> **Problem requirements**
The answer must consist of every line in the data below that holds the word "ultimately".

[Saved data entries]
==============================
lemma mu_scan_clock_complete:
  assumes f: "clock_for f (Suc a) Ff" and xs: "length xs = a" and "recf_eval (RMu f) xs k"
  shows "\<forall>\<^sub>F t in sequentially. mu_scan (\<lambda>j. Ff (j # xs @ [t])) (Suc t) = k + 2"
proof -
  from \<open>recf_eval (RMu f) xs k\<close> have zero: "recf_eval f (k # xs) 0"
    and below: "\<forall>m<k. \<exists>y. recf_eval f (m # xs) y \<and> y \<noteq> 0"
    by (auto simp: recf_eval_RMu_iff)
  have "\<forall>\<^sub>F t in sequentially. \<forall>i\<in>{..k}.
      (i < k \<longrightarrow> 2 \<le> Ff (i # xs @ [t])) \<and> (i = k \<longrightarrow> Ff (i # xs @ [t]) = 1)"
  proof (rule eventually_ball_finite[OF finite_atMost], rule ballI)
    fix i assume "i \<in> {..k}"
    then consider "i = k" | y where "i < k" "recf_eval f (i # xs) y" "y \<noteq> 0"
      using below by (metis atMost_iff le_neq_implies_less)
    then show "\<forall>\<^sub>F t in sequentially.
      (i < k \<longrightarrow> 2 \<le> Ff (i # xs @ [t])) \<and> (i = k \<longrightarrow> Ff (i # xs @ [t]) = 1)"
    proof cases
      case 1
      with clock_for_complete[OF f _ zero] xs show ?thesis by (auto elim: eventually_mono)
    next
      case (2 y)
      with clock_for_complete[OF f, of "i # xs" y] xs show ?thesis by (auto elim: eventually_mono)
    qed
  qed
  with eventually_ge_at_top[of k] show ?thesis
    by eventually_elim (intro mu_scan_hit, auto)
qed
==============================
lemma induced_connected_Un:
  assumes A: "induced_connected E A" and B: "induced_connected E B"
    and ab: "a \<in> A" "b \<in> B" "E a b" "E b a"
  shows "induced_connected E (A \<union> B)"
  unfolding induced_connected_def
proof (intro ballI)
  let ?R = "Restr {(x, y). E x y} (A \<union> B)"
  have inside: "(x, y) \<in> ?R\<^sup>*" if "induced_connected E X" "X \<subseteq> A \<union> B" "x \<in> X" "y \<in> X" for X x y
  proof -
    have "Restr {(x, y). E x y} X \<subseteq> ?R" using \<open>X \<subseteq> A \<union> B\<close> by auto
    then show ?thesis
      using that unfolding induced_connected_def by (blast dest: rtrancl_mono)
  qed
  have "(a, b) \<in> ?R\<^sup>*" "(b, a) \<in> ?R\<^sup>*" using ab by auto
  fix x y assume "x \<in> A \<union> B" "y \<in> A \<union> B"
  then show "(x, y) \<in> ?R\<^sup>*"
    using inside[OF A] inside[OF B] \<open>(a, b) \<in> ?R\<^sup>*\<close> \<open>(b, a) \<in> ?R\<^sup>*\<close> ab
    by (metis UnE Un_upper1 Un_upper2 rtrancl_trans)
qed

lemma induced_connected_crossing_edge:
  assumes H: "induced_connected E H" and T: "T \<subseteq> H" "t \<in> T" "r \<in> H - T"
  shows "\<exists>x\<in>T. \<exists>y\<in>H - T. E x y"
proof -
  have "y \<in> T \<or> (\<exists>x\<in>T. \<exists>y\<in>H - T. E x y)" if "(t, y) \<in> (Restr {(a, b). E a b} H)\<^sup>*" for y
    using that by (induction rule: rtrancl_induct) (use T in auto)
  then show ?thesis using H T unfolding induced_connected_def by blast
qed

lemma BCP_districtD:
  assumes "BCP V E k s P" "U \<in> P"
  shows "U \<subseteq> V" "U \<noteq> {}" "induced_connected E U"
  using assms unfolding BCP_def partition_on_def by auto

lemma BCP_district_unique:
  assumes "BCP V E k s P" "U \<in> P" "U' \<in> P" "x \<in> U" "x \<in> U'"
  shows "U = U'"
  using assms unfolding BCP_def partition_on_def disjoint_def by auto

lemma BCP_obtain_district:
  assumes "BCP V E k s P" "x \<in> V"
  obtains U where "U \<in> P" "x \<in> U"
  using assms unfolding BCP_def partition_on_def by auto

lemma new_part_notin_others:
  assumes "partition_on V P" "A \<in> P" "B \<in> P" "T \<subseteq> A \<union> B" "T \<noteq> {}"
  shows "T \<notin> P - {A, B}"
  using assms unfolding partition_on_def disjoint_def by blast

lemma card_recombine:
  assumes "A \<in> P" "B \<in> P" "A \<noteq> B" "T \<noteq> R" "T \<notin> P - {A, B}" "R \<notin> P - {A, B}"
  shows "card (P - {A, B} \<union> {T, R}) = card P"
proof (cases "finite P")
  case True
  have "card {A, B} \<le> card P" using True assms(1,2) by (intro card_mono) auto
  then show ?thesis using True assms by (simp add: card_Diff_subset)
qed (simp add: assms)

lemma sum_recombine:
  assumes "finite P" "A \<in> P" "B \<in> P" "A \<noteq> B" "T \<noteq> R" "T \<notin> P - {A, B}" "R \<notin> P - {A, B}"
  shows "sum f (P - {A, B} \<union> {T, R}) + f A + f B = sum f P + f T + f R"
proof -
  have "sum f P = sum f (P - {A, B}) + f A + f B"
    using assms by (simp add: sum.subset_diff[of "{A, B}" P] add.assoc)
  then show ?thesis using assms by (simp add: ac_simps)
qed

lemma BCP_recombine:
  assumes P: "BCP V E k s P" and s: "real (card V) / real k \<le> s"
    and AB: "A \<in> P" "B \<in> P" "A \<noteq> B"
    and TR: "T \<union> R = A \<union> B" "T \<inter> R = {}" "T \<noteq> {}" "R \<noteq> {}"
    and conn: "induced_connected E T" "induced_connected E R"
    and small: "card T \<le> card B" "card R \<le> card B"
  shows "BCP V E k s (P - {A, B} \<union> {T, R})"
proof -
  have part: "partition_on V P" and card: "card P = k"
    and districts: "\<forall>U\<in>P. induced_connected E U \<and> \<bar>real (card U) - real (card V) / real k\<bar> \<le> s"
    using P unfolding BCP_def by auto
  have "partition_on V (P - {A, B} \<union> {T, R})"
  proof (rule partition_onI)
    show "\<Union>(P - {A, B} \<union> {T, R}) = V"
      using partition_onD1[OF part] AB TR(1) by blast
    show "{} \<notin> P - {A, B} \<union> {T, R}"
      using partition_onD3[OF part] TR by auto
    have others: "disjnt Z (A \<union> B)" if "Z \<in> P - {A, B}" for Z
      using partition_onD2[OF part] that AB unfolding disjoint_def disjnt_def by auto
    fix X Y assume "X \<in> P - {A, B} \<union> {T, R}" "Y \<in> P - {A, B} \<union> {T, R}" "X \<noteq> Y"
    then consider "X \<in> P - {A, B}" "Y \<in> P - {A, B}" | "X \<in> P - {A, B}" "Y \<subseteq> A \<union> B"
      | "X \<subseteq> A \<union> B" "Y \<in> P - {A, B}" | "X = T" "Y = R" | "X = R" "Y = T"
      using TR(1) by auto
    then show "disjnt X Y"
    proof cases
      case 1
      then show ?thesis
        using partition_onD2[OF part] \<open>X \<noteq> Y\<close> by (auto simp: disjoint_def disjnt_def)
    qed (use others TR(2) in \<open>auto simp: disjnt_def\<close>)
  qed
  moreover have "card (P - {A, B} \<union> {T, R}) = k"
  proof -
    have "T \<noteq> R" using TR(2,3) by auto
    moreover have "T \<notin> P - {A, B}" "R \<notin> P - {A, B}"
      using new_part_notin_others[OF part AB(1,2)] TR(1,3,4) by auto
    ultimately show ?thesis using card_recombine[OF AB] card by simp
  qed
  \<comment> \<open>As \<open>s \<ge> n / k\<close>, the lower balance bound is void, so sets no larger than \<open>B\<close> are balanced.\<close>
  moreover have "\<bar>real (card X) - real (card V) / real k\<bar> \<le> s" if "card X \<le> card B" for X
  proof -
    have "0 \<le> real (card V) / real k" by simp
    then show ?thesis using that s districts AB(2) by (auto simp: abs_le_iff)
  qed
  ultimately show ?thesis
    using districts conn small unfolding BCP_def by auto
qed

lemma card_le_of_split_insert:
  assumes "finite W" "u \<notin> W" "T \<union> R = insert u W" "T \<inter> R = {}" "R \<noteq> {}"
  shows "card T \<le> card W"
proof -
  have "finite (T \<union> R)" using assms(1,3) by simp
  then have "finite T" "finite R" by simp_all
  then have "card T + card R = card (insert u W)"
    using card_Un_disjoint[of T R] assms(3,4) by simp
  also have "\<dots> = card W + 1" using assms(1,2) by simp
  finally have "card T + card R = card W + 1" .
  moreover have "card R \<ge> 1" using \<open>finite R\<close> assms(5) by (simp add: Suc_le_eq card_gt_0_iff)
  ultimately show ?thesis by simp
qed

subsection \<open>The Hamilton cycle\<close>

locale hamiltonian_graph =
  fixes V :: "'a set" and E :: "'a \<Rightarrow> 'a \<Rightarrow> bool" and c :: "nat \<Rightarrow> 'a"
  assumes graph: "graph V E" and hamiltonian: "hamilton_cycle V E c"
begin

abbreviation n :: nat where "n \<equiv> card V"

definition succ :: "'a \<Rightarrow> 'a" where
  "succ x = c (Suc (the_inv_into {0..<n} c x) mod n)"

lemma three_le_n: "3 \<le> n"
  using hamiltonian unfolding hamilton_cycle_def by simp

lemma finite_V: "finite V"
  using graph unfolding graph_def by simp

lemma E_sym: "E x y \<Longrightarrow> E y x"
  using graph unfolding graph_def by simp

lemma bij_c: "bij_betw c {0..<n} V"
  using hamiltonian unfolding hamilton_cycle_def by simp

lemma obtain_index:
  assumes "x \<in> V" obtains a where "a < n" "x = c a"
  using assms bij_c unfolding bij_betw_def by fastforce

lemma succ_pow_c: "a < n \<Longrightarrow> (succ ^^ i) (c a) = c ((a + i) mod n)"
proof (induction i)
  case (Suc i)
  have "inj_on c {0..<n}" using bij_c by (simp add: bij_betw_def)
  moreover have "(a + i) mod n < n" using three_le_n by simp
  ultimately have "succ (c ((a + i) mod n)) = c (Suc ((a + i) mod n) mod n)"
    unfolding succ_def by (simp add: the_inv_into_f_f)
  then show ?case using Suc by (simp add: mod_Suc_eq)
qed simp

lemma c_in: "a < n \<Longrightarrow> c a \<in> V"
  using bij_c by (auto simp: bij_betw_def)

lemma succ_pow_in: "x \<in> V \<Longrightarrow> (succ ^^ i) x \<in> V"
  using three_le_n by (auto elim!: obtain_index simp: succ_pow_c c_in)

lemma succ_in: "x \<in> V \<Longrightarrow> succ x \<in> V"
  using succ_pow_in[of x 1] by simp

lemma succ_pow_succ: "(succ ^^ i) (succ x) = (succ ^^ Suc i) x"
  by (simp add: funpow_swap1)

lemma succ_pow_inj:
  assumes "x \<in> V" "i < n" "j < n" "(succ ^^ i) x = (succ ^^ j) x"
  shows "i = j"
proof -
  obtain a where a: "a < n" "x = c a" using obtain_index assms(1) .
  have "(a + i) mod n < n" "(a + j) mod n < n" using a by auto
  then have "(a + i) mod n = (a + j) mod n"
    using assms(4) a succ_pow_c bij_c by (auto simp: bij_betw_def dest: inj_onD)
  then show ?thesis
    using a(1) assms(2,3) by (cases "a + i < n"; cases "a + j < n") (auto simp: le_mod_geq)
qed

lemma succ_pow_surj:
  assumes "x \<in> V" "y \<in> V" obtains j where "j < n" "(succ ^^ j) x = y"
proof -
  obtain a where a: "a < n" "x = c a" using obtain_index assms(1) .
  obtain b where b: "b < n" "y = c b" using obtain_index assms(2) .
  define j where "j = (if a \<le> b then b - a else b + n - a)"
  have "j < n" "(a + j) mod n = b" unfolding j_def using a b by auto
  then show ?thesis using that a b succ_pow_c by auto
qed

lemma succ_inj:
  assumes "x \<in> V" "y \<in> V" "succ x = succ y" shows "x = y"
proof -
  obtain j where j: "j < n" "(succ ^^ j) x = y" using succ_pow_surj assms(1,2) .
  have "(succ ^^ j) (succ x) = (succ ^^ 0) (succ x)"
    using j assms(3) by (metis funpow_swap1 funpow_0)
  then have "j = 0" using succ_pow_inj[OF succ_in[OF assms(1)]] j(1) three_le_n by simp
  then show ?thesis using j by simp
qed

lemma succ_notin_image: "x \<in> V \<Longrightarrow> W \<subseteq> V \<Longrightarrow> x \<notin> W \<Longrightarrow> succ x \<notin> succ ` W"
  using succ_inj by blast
==============================
> **Output for this exercise**
    ultimately show ?thesis using card_recombine[OF AB] card by simp
  ultimately show ?thesis
  ultimately show ?thesis by simp
  ultimately have "succ (c ((a + i) mod n)) = c (Suc ((a + i) mod n) mod n)"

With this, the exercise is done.